Worried about rising gas prices? The Europe path doubles costs

Published April 20, 2026 7:00am ET



While Americans fill their gas tanks for around $4.10 a gallon and $5.60 for diesel, Irish drivers and other Europeans are paying $8.55 for gas and nearly $9.60 for diesel. That is not a market accident. It is the direct result of Europe’s aggressive carbon taxes, excise duties, and net-zero ideology.

In Ireland alone, the carbon tax has climbed from $66 per ton in 2024 to $84 this year, with a legally mandated march to $118 by 2030. Those pennies-per-liter add up fast: They now make up 57% of the price at the pump and 48% of diesel costs. Every loaf of bread, every delivery, and every tractor run costs more because politicians decided fossil fuels must be punished, not produced. 

There are Democrats and a few Republicans who support a carbon tax, which will make everything more expensive. 

HORMUZ CHOKE POINT PUTS THE ROTTEN FRUITS OF ‘GREEN’ POLICIES ON FULL DISPLAY

The latest pain comes from the Iran conflict. The closure of the Strait of Hormuz — the chokepoint for one-fifth (about 20 million barrels a day) of global oil — triggered the largest supply shock in modern history.
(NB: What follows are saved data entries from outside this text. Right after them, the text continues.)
lemma form1_norm_decay:
  assumes "form1 \<alpha>"
  obtains M where "\<And>z. z \<in> U \<Longrightarrow> \<bar>\<alpha> z v\<bar> * norm z \<le> M"
proof -
  have "continuous_on U (\<lambda>z. \<alpha> z v)"
    using assms smooth_on_imp_continuous_on unfolding form1_def by blast
  then have "continuous_on U (\<lambda>z. \<bar>\<alpha> z v\<bar> * norm z)"
    by (intro continuous_intros)
  moreover have "\<bar>\<alpha> (2 *\<^sub>R z) v\<bar> * norm (2 *\<^sub>R z) = \<bar>\<alpha> z v\<bar> * norm z" if "z \<in> U" for z
    by (simp only: form1_scale_half[OF assms that]) simp
  ultimately have "bounded ((\<lambda>z. \<bar>\<alpha> z v\<bar> * norm z) ` U)"
    by (intro hopf_invariant_bounded) auto
  then show ?thesis
    using that by (auto simp: bounded_iff)
qed

lemma form1_tendsto_zero:
  assumes "form1 \<alpha>" and E: "filterlim E at_infinity F" "\<forall>\<^sub>F x in F. E x \<in> U"
  shows "((\<lambda>x. \<alpha> (E x) v) \<longlongrightarrow> 0) F"
proof -
  obtain M where M: "\<And>z. z \<in> U \<Longrightarrow> \<bar>\<alpha> z v\<bar> * norm z \<le> M"
    using form1_norm_decay[OF assms(1)] by blast
  have "\<forall>\<^sub>F x in F. norm (\<alpha> (E x) v) \<le> M / norm (E x)"
    using E(2) by eventually_elim (use M in \<open>simp add: mem_U_iff pos_le_divide_eq\<close>)
  moreover have "((\<lambda>x. M / norm (E x)) \<longlongrightarrow> 0) F"
    using E(1) by (intro tendsto_divide_0[OF tendsto_const] filterlim_at_top_imp_at_infinity
        filterlim_at_infinity_imp_norm_at_top)
  ultimately show ?thesis
    by (rule Lim_null_comparison)
qed

definition cscale :: "complex \<Rightarrow> pt \<Rightarrow> pt" where
  "cscale c v = (c * fst v, c * snd v)"

lemma cscale_eq_real_combination: "cscale c v = Re c *\<^sub>R v + Im c *\<^sub>R Jc v"
  by (simp add: cscale_def Jc_def scaleR_conv_of_real complex_eq_iff prod_eq_iff algebra_simps)

lemma norm_cscale: "norm (cscale c v) = cmod c * norm v"
proof -
  have "norm (cscale c v) = sqrt ((cmod c)\<^sup>2 * ((cmod (fst v))\<^sup>2 + (cmod (snd v))\<^sup>2))"
    by (simp add: cscale_def norm_Pair norm_mult power_mult_distrib algebra_simps)
  also have "\<dots> = cmod c * norm v"
    by (simp add: real_sqrt_mult norm_prod_def)
  finally show ?thesis .
qed

lemma has_derivative_complex_line:
  "((\<lambda>c. z + cscale c v) has_derivative (\<lambda>h. cscale h v)) (at c)"
  unfolding cscale_def
  by (auto intro!: derivative_eq_intros)

lemma complex_line_at_infinity:
  assumes "v \<noteq> 0"
  shows "filterlim (\<lambda>c. z + cscale c v) at_infinity at_infinity"
  unfolding filterlim_at_infinity[OF order_refl]
proof (intro allI impI)
  fix r :: real
  assume "r > 0"
  have "r \<le> norm (z + cscale c v)" if "(r + norm z) / norm v \<le> cmod c" for c
  proof -
    have "r + norm z \<le> cmod c * norm v"
      using that assms by (simp add: pos_divide_le_eq)
    also have "\<dots> \<le> norm (z + cscale c v) + norm z"
      using norm_triangle_ineq2[of "cscale c v" "- z"] by (simp add: norm_cscale norm_minus_commute add.commute)
    finally show ?thesis
      by simp
  qed
  then show "\<forall>\<^sub>F c in at_infinity. r \<le> norm (z + cscale c v)"
    unfolding eventually_at_infinity by blast
qed

lemma form1_frechet_derivative_uminus:
  assumes "form1 \<alpha>" "z \<in> U"
  shows "frechet_derivative (\<lambda>y. \<alpha> y (- v)) (at z) = (\<lambda>h. - frechet_derivative (\<lambda>y. \<alpha> y v) (at z) h)"
proof -
  have "smooth_on U (\<lambda>y. \<alpha> y v)"
    using assms(1) unfolding form1_def by blast
  then have "((\<lambda>y. - \<alpha> y v) has_derivative (\<lambda>h. - frechet_derivative (\<lambda>y. \<alpha> y v) (at z) h)) (at z)"
    by (intro has_derivative_minus smooth_on_imp_has_derivative[OF _ open_U assms(2)])
  then have "((\<lambda>y. \<alpha> y (- v)) has_derivative (\<lambda>h. - frechet_derivative (\<lambda>y. \<alpha> y v) (at z) h)) (at z)"
  proof (rule has_derivative_transform_within_open[OF _ open_U assms(2)])
    show "- \<alpha> y v = \<alpha> y (- v)" if "y \<in> U" for y
      using assms(1) that unfolding form1_def by (simp add: linear_neg)
  qed
  then show ?thesis
    by (rule frechet_derivative_at[symmetric])
qed

text \<open>For closed \<open>\<alpha>\<close> we have \<open>L\<^sub>J \<alpha> = - d(\<alpha> \<circ> J)\<close>, so \<open>\<alpha> \<circ> J\<close> is closed too; on the complex
  line spanned by \<open>e\<close> the two closedness conditions are the Cauchy--Riemann equations.\<close>

lemma closed_kerLJ1_cauchy_riemann:
  assumes K: "\<alpha> \<in> kerLJ1" and C: "closed1 \<alpha>" and z: "z \<in> U"
  defines "D v \<equiv> frechet_derivative (\<lambda>y. \<alpha> y v) (at z)"
  shows "D (Jc e) e = D e (Jc e)" and "D (Jc e) (Jc e) = - D e e"
proof -
  have d1_zero: "d1 \<alpha> z v w = 0" for v w
    using C z unfolding closed1_def by blast
  from d1_zero[of e "Jc e"] show "D (Jc e) e = D e (Jc e)"
    unfolding d1_def D_def by simp
  have "LJ1 \<alpha> z e (Jc e) = 0"
    using K z unfolding kerLJ1_def by blast
  then have "d1 (iJ1 \<alpha>) z e (Jc e) = 0"
    unfolding LJ1_def iJ2_def d1_zero by simp
  moreover have "Jc (Jc e) = - e"
    by (cases e) (simp add: Jc_def)
  ultimately have "frechet_derivative (\<lambda>y. \<alpha> y (- e)) (at z) e - D (Jc e) (Jc e) = 0"
    unfolding d1_def iJ1_def D_def by simp
  then show "D (Jc e) (Jc e) = - D e e"
    using form1_frechet_derivative_uminus[of \<alpha> z e] K z unfolding D_def kerLJ1_def by simp
qed

lemma closed_kerLJ1_holomorphic_on_line:
  assumes K: "\<alpha> \<in> kerLJ1" and C: "closed1 \<alpha>" and line: "\<forall>c. z + cscale c e \<in> U"
  shows "(\<lambda>c. complex_of_real (\<alpha> (z + cscale c e) e) - \<i> * complex_of_real (\<alpha> (z + cscale c e) (Jc e)))
           holomorphic_on UNIV"
proof -
  let ?E = "\<lambda>c. z + cscale c e"
  let ?G = "\<lambda>c. complex_of_real (\<alpha> (?E c) e) - \<i> * complex_of_real (\<alpha> (?E c) (Jc e))"
  have "?G field_differentiable (at c)" for c
  proof -
    define D where "D v = frechet_derivative (\<lambda>y. \<alpha> y v) (at (?E c))" for v
    have smooth: "smooth_on U (\<lambda>y. \<alpha> y v)" for v
      using K unfolding kerLJ1_def form1_def by blast
    have D: "((\<lambda>y. \<alpha> y v) has_derivative D v) (at (?E c))" for v
      unfolding D_def by (rule smooth_on_imp_has_derivative[OF smooth open_U line[rule_format]])
    have "((\<lambda>c. \<alpha> (?E c) v) has_derivative (\<lambda>h. D v (cscale h e))) (at c)" for v
      using has_derivative_compose[OF has_derivative_complex_line D] .
    moreover have "D v (cscale h e) = Re h * D v e + Im h * D v (Jc e)" for v h
      using has_derivative_linear[OF D[of v]]
      by (simp add: cscale_eq_real_combination linear_add linear_scale)
    ultimately have "((\<lambda>c. \<alpha> (?E c) v) has_derivative (\<lambda>h. Re h * D v e + Im h * D v (Jc e))) (at c)" for v
      by simp
    then have G': "(?G has_derivative
        (\<lambda>h. of_real (Re h * D e e + Im h * D e (Jc e)) - \<i> * of_real (Re h * D (Jc e) e + Im h * D (Jc e) (Jc e))))
        (at c)"
      by (intro has_derivative_diff has_derivative_mult_right bounded_linear.has_derivative[OF bounded_linear_of_real])
    have cauchy_riemann: "D (Jc e) e = D e (Jc e)" "D (Jc e) (Jc e) = - D e e"
      using closed_kerLJ1_cauchy_riemann[OF K C line[rule_format]] unfolding D_def by simp_all
    have "(?G has_field_derivative (of_real (D e e) - \<i> * of_real (D (Jc e) e))) (at c)"
      unfolding has_field_derivative_def
      by (rule has_derivative_eq_rhs[OF G']) (simp add: fun_eq_iff complex_eq_iff algebra_simps cauchy_riemann)
    then show ?thesis
      unfolding field_differentiable_def by blast
  qed
  then show ?thesis
    by (simp add: holomorphic_on_def)
qed

lemma closed_kerLJ1_vanishes_on_line:
  assumes K: "\<alpha> \<in> kerLJ1" and C: "closed1 \<alpha>" and "e \<noteq> 0" and line: "\<forall>c. z + cscale c e \<noteq> 0"
  shows "\<alpha> z e = 0" and "\<alpha> z (Jc e) = 0"
proof -
  let ?E = "\<lambda>c. z + cscale c e"
  have E_U: "\<forall>c. ?E c \<in> U"
    using line by (simp add: mem_U_iff)
  have form1: "form1 \<alpha>"
    using K by (simp add: kerLJ1_def)
  have "((\<lambda>c. \<alpha> (?E c) e) \<longlongrightarrow> 0) at_infinity" "((\<lambda>c. \<alpha> (?E c) (Jc e)) \<longlongrightarrow> 0) at_infinity"
    using form1_tendsto_zero[OF form1 complex_line_at_infinity[OF \<open>e \<noteq> 0\<close>]] E_U by simp_all
  then have "((\<lambda>c. complex_of_real (\<alpha> (?E c) e) - \<i> * complex_of_real (\<alpha> (?E c) (Jc e)))
      \<longlongrightarrow> of_real 0 - \<i> * of_real 0) at_infinity"
    by (intro tendsto_intros)
  then have "((\<lambda>c. complex_of_real (\<alpha> (?E c) e) - \<i> * complex_of_real (\<alpha> (?E c) (Jc e))) \<longlongrightarrow> 0) at_infinity"
    by simp
  with closed_kerLJ1_holomorphic_on_line[OF K C E_U]
  have "complex_of_real (\<alpha> (?E 0) e) - \<i> * complex_of_real (\<alpha> (?E 0) (Jc e)) = 0"
    by (rule Liouville_weak_0)
  moreover have "?E 0 = z"
    by (simp add: cscale_def flip: zero_prod_def)
  ultimately show "\<alpha> z e = 0" "\<alpha> z (Jc e) = 0"
    by (simp_all add: complex_eq_iff)
qed

lemma linear_cscale_eq_0:
  assumes "linear f" "f e = 0" "f (Jc e) = 0"
  shows "f (cscale c e) = 0"
  using assms by (simp add: cscale_eq_real_combination linear_add linear_scale)

lemma closed_kerLJ1_eq_0:
  assumes K: "\<alpha> \<in> kerLJ1" and C: "closed1 \<alpha>" and z: "z \<in> U"
  shows "\<alpha> z v = 0"
proof -
  have lin: "linear (\<alpha> z)"
    using K z by (simp add: kerLJ1_def form1_def)
  have along: "\<alpha> z (cscale c e) = 0" if "e \<noteq> 0" "\<forall>c. z + cscale c e \<noteq> 0" for c e
    using closed_kerLJ1_vanishes_on_line[OF K C that] by (intro linear_cscale_eq_0[OF lin])
  obtain z1 z2 where z12: "z = (z1, z2)"
    by (cases z)
  have nz: "z1 \<noteq> 0 \<or> z2 \<noteq> 0"
    using z by (simp add: z12 mem_U_iff zero_prod_def)
  have line_10: "\<forall>c. z + cscale c (1, 0) \<noteq> 0" if "z2 \<noteq> 0"
    using that by (simp add: z12 cscale_def zero_prod_def)
  have line_01: "\<forall>c. z + cscale c (0, 1) \<noteq> 0" if "z1 \<noteq> 0"
    using that by (simp add: z12 cscale_def zero_prod_def)
  have line_11: "\<forall>c. z + cscale c (1, 1) \<noteq> 0" if "z1 = 0 \<or> z2 = 0"
    using that nz by (auto simp: z12 cscale_def zero_prod_def)
  have "\<alpha> z (c, 0) = 0" for c
  proof (cases "z2 = 0")
    case False
    then show ?thesis
      using along[OF _ line_10] by (simp add: cscale_def zero_prod_def)
  next
    case True
    then have "\<alpha> z (cscale c (1, 1) - cscale c (0, 1)) = 0"
      using along[OF _ line_11] along[OF _ line_01] nz by (simp add: linear_diff[OF lin] zero_prod_def)
    then show ?thesis
      by (simp add: cscale_def zero_prod_def)
  qed
  moreover have "\<alpha> z (0, c) = 0" for c
  proof (cases "z1 = 0")
    case False
    then show ?thesis
      using along[OF _ line_01] by (simp add: cscale_def zero_prod_def)
  next
    case True
    then have "\<alpha> z (cscale c (1, 1) - cscale c (1, 0)) = 0"
      using along[OF _ line_11] along[OF _ line_10] nz by (simp add: linear_diff[OF lin] zero_prod_def)
    then show ?thesis
      by (simp add: cscale_def zero_prod_def)
  qed
  ultimately show ?thesis
    using linear_add[OF lin, of "(fst v, 0)" "(0, snd v)"] by simp
qed

lemma zero_in_kerLJ0: "(\<lambda>_. 0) \<in> kerLJ0"
proof -
  have "frechet_derivative (\<lambda>_. 0 :: real) (at z) = (\<lambda>_. 0)" for z :: pt
    by (rule frechet_derivative_at[OF has_derivative_const, symmetric])
  then show ?thesis
    unfolding kerLJ0_def form0_def LJ0_def iJ1_def d0_def
    by (simp add: inner_rational_smooth_on inner_rational.const)
qed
Brent crude spiked above $110 a barrel in March. Europe felt it the hardest. 

Why? Because Europe refuses to harvest its own abundant fossil fuels. Years of green mandates shut down domestic drilling, banned new exploration, and forced reliance on imported LNG and refined products from unstable regions. 

When Hormuz slammed shut, there was no domestic buffer. Prices soared, stations ran dry, and the bill landed squarely on households already crushed by the highest energy costs in the developed world, double those of the United States.

Now, Irish farmers and truckers have had enough. Since April 7, they have blockaded motorways, ports, and Dublin’s O’Connell Street with tractors and lorries. Over a third of fuel stations are empty. Their demand is simple: Suspend the carbon tax, cap pump prices, and stop the planned hikes.

These are not fringe radicals; they are the men and women who feed the country and move its goods. They know what the politicians refuse to admit: Every extra cent on diesel is a direct hit on their margins and families, and it adds to the cost of everything on supermarket shelves. And the worst is yet to come. The carbon tax is scheduled to keep rising every year for the next five years.

Contrast that with the United States. Thanks to America First energy policies, the U.S. drills, produces, and exports. No federal carbon tax. Many blue states have something similar to a carbon tax; they call it either cap-and-trade, cap-and-invest, or carbon pricing. Thankfully, we have no punishing net-zero timeline. The result is energy independence and energy prices roughly half of Europe’s. 

When global shocks hit, U.S. domestic supply softens the blow. U.S. manufacturers, truckers, and farmers do not face the same threat of expensive energy. Our economy grows because energy production and use are treated as assets, not climate sins.

Europe’s leaders sold net-zero as the path to cheaper, cleaner prosperity. The opposite happened. Electricity prices in Germany and the United Kingdom have more than doubled in real terms since the green push began. Heavy industry is fleeing to places with cheaper power. 

Households in rural Ireland heat their homes with kerosene that now carries the same carbon penalty as road diesel. The promise of “affordable green energy” was always a mirage: Wind and solar require massive subsidies, backup gas plants, expensive transmission wires, and imported critical minerals. The only thing that actually fell was Europe’s energy security, economic activity, and its citizens’ purchasing power.

California has followed Europe’s folly. California imports 60% of its oil instead of producing it in-state. Because of “green” ideology, it chose to import oil rather than have that economic activity, above-average-paying jobs, and tax revenue stay in the state. 

Americans should count our blessings every time we pass a gas station. The U.S. has abundant resources, rational policy, and the freedom to use them. Europe chose virtue-signaling over reality and is now paying the price in higher costs, empty stations, and angry farmers and truckers blocking the roads. 

RECLAIMING AFFORDABILITY: STATE-LEVEL GREEN NEW DEALS INVITE HIGHER ENERGY BILLS

Europe’s experiment is failing in plain sight. The U.S. should not import Europe’s folly and weaknesses. Reject carbon taxes, carbon pricing, cap-and-trade, and the net-zero fantasy. The net-zero nightmare does exactly the opposite of the propaganda — it is expensive.

The U.S. needs to keep its energy strong, affordable, and independent. The alternative is already playing out across the Atlantic — and it is ugly.

Frank Lasee is president of Truth in Energy and Climate.